SOURCE DATA
···

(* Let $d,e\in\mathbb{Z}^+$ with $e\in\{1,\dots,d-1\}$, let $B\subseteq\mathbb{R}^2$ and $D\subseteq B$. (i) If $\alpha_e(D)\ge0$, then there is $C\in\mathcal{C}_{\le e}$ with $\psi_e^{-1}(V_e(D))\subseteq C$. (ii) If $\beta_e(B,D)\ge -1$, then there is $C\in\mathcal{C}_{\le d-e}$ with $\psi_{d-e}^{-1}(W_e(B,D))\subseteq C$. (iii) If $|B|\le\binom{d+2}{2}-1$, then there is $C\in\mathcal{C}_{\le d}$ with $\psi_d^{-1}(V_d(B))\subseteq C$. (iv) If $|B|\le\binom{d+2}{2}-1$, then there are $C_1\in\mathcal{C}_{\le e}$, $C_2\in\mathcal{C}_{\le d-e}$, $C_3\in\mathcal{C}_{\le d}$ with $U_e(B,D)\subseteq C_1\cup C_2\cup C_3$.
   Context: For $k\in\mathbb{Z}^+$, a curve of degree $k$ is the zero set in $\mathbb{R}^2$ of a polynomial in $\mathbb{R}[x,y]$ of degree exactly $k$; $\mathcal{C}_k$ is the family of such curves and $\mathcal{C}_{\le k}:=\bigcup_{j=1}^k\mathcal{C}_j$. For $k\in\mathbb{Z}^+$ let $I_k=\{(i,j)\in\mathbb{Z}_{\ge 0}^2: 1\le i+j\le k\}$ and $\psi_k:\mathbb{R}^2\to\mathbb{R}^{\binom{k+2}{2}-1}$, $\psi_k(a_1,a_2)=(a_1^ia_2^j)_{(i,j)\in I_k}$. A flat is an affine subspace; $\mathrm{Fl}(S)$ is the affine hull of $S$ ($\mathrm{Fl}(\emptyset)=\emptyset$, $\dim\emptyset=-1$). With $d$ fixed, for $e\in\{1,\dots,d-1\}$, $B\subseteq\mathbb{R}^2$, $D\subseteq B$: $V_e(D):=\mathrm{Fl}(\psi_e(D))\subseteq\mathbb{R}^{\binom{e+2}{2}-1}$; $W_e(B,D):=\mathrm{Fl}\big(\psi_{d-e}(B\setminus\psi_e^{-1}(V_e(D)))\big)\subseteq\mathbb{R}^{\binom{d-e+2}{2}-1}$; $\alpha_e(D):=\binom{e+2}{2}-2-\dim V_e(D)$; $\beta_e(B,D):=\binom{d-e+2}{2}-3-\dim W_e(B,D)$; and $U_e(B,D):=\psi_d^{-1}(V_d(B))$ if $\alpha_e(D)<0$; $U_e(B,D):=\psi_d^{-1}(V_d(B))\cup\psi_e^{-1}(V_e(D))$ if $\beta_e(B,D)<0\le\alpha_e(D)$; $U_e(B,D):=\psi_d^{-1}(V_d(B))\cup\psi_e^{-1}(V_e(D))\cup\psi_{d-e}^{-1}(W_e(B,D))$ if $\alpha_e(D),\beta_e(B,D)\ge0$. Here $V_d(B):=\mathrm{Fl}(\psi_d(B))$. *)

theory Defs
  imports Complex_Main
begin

···

Reproduce the listing above in full, word for word.

(* Let $d,e\in\mathbb{Z}^+$ with $e\in\{1,\dots,d-1\}$, let $B\subseteq\mathbb{R}^2$ and $D\subseteq B$. (i) If $\alpha_e(D)\ge0$, then there is $C\in\mathcal{C}_{\le e}$ with $\psi_e^{-1}(V_e(D))\subseteq C$. (ii) If $\beta_e(B,D)\ge -1$, then there is $C\in\mathcal{C}_{\le d-e}$ with $\psi_{d-e}^{-1}(W_e(B,D))\subseteq C$. (iii) If $|B|\le\binom{d+2}{2}-1$, then there is $C\in\mathcal{C}_{\le d}$ with $\psi_d^{-1}(V_d(B))\subseteq C$. (iv) If $|B|\le\binom{d+2}{2}-1$, then there are $C_1\in\mathcal{C}_{\le e}$, $C_2\in\mathcal{C}_{\le d-e}$, $C_3\in\mathcal{C}_{\le d}$ with $U_e(B,D)\subseteq C_1\cup C_2\cup C_3$.
   Context: For $k\in\mathbb{Z}^+$, a curve of degree $k$ is the zero set in $\mathbb{R}^2$ of a polynomial in $\mathbb{R}[x,y]$ of degree exactly $k$; $\mathcal{C}_k$ is the family of such curves and $\mathcal{C}_{\le k}:=\bigcup_{j=1}^k\mathcal{C}_j$. For $k\in\mathbb{Z}^+$ let $I_k=\{(i,j)\in\mathbb{Z}_{\ge 0}^2: 1\le i+j\le k\}$ and $\psi_k:\mathbb{R}^2\to\mathbb{R}^{\binom{k+2}{2}-1}$, $\psi_k(a_1,a_2)=(a_1^ia_2^j)_{(i,j)\in I_k}$. A flat is an affine subspace; $\mathrm{Fl}(S)$ is the affine hull of $S$ ($\mathrm{Fl}(\emptyset)=\emptyset$, $\dim\emptyset=-1$). With $d$ fixed, for $e\in\{1,\dots,d-1\}$, $B\subseteq\mathbb{R}^2$, $D\subseteq B$: $V_e(D):=\mathrm{Fl}(\psi_e(D))\subseteq\mathbb{R}^{\binom{e+2}{2}-1}$; $W_e(B,D):=\mathrm{Fl}\big(\psi_{d-e}(B\setminus\psi_e^{-1}(V_e(D)))\big)\subseteq\mathbb{R}^{\binom{d-e+2}{2}-1}$; $\alpha_e(D):=\binom{e+2}{2}-2-\dim V_e(D)$; $\beta_e(B,D):=\binom{d-e+2}{2}-3-\dim W_e(B,D)$; and $U_e(B,D):=\psi_d^{-1}(V_d(B))$ if $\alpha_e(D)<0$; $U_e(B,D):=\psi_d^{-1}(V_d(B))\cup\psi_e^{-1}(V_e(D))$ if $\beta_e(B,D)<0\le\alpha_e(D)$; $U_e(B,D):=\psi_d^{-1}(V_d(B))\cup\psi_e^{-1}(V_e(D))\cup\psi_{d-e}^{-1}(W_e(B,D))$ if $\alpha_e(D),\beta_e(B,D)\ge0$. Here $V_d(B):=\mathrm{Fl}(\psi_d(B))$. *)

theory Defs
  imports Complex_Main
begin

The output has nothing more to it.